L'Inizio

Il 1872, è l’anno della “rinascita” di Valle di Pompei, perché proprio “i primi di ottobre del 1872 Bartolo Longo “pose piede in questo piano luttuoso”.
Il disegno divino si dischiuse, infatti, agli occhi del Beato proprio in quell’ anno, quando avvenne, egli scrive, che “la procella dell’ animo mi bruciava il cuore più che ogni altra volta, e m’ infondeva una tristezza cupa e poco men che disperata”.
Ecco, questa data non apre un capitolo di storia, ma segna l’inizio di tutta la storia pompeiana.
Dal 1872 al 1884 Valle di Pompei cambia fisionomia grazie all’ ingegno di Bartolo Longo.

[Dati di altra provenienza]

(* Let $R$ be a Krull domain. (1) If the divisor class group $\operatorname{Cl}(R)$ is torsion, then $R$ is globally perinormal. (2) If $\dim R = 1$ and $R$ is globally perinormal, then $\operatorname{Cl}(R)$ is torsion.
   Context: All rings are commutative with identity; an overring of a domain $R$ is a ring between $R$ and its fraction field. A ring extension $A \subseteq B$ satisfies going-down if whenever $\mathfrak{p} \subset \mathfrak{q}$ are primes of $A$ and $Q$ is a prime of $B$ with $Q \cap A = \mathfrak{q}$, there is a prime $P \subseteq Q$ of $B$ with $P \cap A = \mathfrak{p}$. A domain $R$ is globally perinormal if every overring $S$ of $R$ such that $R \subseteq S$ satisfies going-down is a localization $R_W$ of $R$ at some multiplicative set $W$. A Krull domain is a domain $R$ with $R = \bigcap R_{\mathfrak{p}}$ over height one primes $\mathfrak{p}$, each nonzero element lying in only finitely many height one primes, and each $R_{\mathfrak{p}}$ ($\mathfrak{p}$ height one) a DVR; $\operatorname{Cl}(R)$ is its divisor class group. *)

theory Defs
  imports Main "HOL-Computational_Algebra.Fraction_Field"
begin

text \<open>All rings considered are subrings of a fixed field K (a type of class field).
 A domain R is represented as the subring of its fraction field
 K = 'a fract given by the image of the embedding a \<mapsto> Fract a 1.\<close>

definition subring :: "'b::field set \<Rightarrow> bool" where
  "subring S \<longleftrightarrow> 0 \<in> S \<and> 1 \<in> S \<and>
     (\<forall>x\<in>S. \<forall>y\<in>S. x + y \<in> S \<and> x - y \<in> S \<and> x * y \<in> S)"

definition ideal_in :: "'b::field set \<Rightarrow> 'b set \<Rightarrow> bool" where
  "ideal_in S I \<longleftrightarrow> I \<subseteq> S \<and> 0 \<in> I \<and>
     (\<forall>x\<in>I. \<forall>y\<in>I. x + y \<in> I) \<and> (\<forall>s\<in>S. \<forall>x\<in>I. s * x \<in> I)"

definition prime_ideal_in :: "'b::field set \<Rightarrow> 'b set \<Rightarrow> bool" where
  "prime_ideal_in S P \<longleftrightarrow> ideal_in S P \<and> P \<noteq> S \<and>
     (\<forall>x\<in>S. \<forall>y\<in>S. x * y \<in> P \<longrightarrow> x \<in> P \<or> y \<in> P)"

definition principal_ideal :: "'b::field set \<Rightarrow> 'b \<Rightarrow> 'b set" where
  "principal_ideal S t = {s * t | s. s \<in> S}"

definition height_one_prime :: "'b::field set \<Rightarrow> 'b set \<Rightarrow> bool" where
  "height_one_prime S P \<longleftrightarrow> prime_ideal_in S P \<and> P \<noteq> {0} \<and>
     \<not> (\<exists>Q. prime_ideal_in S Q \<and> Q \<noteq> {0} \<and> Q \<subset> P)"

definition mult_set :: "'b::field set \<Rightarrow> 'b set \<Rightarrow> bool" where
  "mult_set S W \<longleftrightarrow> W \<subseteq> S \<and> 1 \<in> W \<and> 0 \<notin> W \<and> (\<forall>x\<in>W. \<forall>y\<in>W. x * y \<in> W)"

definition localization :: "'b::field set \<Rightarrow> 'b set \<Rightarrow> 'b set" where
  "localization S W = {a * inverse w | a w. a \<in> S \<and> w \<in> W}"

definition dvr :: "'b::field set \<Rightarrow> bool" where
  "dvr V \<longleftrightarrow> subring V \<and>
     (\<forall>I. ideal_in V I \<longrightarrow> (\<exists>t\<in>V. I = principal_ideal V t)) \<and>
     (\<exists>!P. prime_ideal_in V P \<and> P \<noteq> {0})"

definition units_in :: "'b::field set \<Rightarrow> 'b set" where
  "units_in V = {u. u \<in> V \<and> u \<noteq> 0 \<and> inverse u \<in> V}"

definition dvr_val :: "'b::field set \<Rightarrow> 'b \<Rightarrow> int" where
  "dvr_val V x = (THE n. \<exists>t u. t \<in> V \<and> t \<noteq> 0 \<and> prime_ideal_in V (principal_ideal V t)
        \<and> u \<in> units_in V \<and> x = u * t powi n)"

definition local_at :: "'b::field set \<Rightarrow> 'b set \<Rightarrow> 'b set" where
  "local_at S P = localization S (S - P)"

text \<open>Krull domain R inside its fraction field (which is all of the type 'b).\<close>
definition krull_domain :: "'b::field set \<Rightarrow> bool" where
  "krull_domain R \<longleftrightarrow> subring R \<and>
     R = (\<Inter>P\<in>{P. height_one_prime R P}. local_at R P) \<and>
     (\<forall>x\<in>R. x \<noteq> 0 \<longrightarrow> finite {P. height_one_prime R P \<and> x \<in> P}) \<and>
     (\<forall>P. height_one_prime R P \<longrightarrow> dvr (local_at R P))"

Egli operava seguendo gli insegnamenti ricevuti dal buon Padre Radente O.P. e dal francescano Padre Ludovico da Casoria. Al posto della vecchia cadente chiesetta del Salvatore, viene edificato un Tempio (1876) attorno al quale si sviluppa una nuova forma di vita attiva. Gli abitanti, queglei stessi che soffrivano per i disagi ambientali, perché luogo malsano dove imperava il brigantaggio, ora respirano un’aria di libertà e di agio dovuto al repentino sviluppo della cittadella mariana.
Avvenne che “il numero dei bambini che passasse l’ intera mattinata e il pomeriggio all’ ombra del Santuario s’aumentava di continuo” e così Bartolo Longo avvertì l’ esigenza di accoglierli in tre sale che costruì, appositamente, in contiguità del Santuario.
Vennero così istituiti gli Asili Infantili che, insieme agli oratori, accoglievano questi piccoli valpompeiani e dove si insegnava loro il catechismo. L’opera si mostrò efficace e necessaria e fu inaugurata, alla presenza di uomini illustri del patriziato napoletano, prelati e numerosi visitatori, il 6 novembre 1886.